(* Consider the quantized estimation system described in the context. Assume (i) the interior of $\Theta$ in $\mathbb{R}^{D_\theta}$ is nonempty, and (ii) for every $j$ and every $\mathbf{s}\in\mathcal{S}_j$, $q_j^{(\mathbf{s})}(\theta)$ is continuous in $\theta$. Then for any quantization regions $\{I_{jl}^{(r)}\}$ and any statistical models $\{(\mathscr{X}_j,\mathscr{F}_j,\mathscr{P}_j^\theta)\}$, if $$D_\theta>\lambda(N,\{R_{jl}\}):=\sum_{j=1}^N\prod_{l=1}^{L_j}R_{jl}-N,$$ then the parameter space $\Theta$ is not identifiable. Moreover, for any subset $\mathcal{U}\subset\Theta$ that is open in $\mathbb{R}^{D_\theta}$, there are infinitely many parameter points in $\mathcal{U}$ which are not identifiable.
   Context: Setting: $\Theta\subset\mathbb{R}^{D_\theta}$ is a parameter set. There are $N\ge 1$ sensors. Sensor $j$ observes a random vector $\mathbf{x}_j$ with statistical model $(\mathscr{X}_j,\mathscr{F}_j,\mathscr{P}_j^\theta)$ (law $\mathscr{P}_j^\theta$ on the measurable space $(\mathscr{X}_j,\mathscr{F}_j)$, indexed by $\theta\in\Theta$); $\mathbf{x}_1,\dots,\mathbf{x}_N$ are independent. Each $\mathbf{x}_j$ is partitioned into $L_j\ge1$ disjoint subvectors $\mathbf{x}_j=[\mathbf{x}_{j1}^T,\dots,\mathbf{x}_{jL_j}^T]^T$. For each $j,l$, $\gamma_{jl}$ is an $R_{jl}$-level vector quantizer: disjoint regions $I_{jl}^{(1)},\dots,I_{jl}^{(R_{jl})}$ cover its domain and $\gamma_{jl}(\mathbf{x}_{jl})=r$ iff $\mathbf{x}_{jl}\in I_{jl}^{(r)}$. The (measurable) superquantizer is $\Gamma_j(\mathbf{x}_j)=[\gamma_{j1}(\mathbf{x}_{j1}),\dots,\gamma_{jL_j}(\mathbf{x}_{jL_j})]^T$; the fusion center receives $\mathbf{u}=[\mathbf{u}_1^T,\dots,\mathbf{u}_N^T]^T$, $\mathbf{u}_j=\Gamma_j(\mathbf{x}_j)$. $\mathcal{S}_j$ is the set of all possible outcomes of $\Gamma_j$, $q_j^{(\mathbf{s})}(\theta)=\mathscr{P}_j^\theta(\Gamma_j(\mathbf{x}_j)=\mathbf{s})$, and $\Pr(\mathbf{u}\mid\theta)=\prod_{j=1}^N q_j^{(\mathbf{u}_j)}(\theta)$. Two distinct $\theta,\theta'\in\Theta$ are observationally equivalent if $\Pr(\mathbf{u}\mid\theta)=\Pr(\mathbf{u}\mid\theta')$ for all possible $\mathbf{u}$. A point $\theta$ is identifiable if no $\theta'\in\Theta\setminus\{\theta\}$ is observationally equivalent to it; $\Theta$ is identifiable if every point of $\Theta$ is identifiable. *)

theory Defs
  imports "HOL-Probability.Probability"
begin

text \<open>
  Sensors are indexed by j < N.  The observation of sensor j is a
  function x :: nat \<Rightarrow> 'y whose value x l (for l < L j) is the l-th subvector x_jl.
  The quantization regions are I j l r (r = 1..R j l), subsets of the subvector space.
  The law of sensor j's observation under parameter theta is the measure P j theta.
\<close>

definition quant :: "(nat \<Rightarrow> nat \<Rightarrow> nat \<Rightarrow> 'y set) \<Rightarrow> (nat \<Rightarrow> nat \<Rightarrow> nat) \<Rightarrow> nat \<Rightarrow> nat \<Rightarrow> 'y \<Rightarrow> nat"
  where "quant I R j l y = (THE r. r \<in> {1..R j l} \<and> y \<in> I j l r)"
...
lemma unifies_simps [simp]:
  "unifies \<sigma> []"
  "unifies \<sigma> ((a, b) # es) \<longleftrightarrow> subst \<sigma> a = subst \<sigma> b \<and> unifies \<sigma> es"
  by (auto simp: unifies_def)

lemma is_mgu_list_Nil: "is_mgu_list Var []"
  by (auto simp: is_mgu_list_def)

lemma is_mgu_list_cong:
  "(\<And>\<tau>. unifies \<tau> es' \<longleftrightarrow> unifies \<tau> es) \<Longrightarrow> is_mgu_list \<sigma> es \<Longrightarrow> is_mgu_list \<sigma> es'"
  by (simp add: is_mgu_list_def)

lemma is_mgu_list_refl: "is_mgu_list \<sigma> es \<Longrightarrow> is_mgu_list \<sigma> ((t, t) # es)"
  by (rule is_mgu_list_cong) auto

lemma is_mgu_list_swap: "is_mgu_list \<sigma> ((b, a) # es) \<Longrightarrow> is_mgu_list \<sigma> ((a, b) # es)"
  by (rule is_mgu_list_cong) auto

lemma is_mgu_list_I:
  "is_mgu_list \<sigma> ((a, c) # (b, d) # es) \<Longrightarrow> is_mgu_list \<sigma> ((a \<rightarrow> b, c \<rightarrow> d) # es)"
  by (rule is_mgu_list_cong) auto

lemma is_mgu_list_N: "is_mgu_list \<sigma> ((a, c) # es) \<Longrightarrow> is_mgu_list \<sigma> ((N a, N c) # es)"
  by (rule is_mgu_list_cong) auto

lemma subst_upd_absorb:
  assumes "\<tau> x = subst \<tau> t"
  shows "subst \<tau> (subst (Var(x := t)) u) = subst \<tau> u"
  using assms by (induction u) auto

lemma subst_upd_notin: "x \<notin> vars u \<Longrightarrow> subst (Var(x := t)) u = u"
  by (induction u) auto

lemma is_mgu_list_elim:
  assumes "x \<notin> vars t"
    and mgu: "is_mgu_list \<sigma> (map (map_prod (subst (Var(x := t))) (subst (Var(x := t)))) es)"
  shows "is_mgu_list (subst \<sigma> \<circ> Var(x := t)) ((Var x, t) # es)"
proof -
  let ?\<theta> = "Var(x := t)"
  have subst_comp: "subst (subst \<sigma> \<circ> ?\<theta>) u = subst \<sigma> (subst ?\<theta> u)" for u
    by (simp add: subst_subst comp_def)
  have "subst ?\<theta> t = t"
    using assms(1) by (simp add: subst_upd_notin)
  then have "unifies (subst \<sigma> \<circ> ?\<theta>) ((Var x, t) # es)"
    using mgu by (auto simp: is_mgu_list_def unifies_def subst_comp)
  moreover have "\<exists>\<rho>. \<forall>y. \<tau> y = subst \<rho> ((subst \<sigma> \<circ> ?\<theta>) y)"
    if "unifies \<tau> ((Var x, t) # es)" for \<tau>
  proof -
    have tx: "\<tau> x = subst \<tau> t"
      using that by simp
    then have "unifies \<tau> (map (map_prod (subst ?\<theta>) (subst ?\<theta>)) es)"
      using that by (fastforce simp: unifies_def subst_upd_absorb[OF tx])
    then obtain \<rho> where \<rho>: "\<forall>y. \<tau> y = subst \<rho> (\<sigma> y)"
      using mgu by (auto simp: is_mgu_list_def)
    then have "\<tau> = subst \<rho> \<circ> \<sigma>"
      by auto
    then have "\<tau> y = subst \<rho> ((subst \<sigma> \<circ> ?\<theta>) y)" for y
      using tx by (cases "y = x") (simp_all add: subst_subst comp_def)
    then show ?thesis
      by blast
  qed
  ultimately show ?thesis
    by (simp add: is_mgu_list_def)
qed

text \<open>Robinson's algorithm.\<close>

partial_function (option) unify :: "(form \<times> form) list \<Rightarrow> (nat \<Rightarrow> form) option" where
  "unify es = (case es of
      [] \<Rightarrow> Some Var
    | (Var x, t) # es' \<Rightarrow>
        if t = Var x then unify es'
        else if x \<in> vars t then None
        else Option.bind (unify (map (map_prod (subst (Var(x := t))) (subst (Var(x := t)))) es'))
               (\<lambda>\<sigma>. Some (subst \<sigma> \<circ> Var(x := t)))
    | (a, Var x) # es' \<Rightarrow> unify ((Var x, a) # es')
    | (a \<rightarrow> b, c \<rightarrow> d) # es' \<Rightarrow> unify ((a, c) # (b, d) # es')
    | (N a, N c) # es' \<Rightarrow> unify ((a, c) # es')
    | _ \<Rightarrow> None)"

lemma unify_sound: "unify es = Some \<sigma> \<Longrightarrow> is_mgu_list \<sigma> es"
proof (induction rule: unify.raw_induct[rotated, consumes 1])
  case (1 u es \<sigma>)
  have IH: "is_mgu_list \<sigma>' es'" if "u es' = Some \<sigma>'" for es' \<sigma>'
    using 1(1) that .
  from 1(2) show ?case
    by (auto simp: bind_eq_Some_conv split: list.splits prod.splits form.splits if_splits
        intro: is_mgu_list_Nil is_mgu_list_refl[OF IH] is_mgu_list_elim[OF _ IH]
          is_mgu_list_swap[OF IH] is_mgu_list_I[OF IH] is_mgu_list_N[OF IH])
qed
---
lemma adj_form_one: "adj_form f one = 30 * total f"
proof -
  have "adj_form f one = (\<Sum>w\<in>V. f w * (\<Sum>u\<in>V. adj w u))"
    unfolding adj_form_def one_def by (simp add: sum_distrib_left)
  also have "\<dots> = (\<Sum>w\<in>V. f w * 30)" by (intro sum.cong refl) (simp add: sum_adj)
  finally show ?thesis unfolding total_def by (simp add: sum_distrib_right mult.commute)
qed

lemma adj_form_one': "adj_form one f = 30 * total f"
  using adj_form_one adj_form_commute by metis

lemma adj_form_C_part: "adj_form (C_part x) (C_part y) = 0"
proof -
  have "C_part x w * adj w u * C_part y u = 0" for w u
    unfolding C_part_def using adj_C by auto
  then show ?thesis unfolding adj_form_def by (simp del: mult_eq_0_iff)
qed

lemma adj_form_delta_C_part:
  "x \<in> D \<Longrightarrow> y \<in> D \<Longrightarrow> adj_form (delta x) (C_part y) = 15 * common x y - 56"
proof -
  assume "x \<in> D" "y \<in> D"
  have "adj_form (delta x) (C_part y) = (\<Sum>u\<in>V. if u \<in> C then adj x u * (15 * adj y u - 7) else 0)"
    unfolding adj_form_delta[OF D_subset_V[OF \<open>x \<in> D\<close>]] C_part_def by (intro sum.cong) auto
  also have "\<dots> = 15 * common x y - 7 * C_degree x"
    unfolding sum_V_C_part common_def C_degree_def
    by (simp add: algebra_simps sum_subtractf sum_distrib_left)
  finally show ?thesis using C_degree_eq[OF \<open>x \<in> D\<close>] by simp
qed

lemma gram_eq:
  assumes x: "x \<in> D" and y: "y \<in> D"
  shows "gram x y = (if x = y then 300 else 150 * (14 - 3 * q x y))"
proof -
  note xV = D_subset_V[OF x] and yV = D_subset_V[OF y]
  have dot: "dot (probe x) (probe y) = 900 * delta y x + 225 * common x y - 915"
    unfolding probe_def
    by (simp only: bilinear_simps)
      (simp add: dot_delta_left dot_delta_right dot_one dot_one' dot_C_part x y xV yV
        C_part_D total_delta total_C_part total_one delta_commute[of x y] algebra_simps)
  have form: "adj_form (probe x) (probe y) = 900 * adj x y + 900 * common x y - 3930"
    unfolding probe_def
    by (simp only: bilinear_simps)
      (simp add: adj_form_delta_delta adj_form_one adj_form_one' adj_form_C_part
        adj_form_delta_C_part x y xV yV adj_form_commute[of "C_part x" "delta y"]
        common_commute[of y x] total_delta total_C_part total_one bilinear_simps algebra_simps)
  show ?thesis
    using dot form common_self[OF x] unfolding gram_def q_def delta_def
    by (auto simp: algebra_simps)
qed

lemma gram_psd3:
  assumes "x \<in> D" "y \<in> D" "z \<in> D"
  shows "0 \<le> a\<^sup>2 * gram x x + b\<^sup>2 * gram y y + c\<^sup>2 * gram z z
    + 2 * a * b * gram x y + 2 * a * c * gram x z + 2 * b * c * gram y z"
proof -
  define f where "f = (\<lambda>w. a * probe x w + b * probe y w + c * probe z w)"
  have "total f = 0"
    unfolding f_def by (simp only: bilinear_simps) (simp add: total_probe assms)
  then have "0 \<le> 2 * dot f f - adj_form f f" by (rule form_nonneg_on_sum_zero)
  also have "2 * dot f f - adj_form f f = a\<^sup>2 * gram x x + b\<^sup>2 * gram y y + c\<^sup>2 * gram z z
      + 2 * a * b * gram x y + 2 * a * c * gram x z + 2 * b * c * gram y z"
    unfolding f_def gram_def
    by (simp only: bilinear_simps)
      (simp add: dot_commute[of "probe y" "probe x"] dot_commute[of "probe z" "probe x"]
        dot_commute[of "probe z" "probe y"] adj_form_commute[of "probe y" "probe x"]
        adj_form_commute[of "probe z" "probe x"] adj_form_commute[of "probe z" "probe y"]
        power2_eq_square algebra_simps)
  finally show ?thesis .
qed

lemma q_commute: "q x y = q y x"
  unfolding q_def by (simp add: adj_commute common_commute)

• Task to complete: Check each line of the listing above, and copy it if it contains the word "assumes".

• Answer for the task:
  assumes "\<tau> x = subst \<tau> t"
  assumes "x \<notin> vars t"
  assumes x: "x \<in> D" and y: "y \<in> D"
  assumes "x \<in> D" "y \<in> D" "z \<in> D"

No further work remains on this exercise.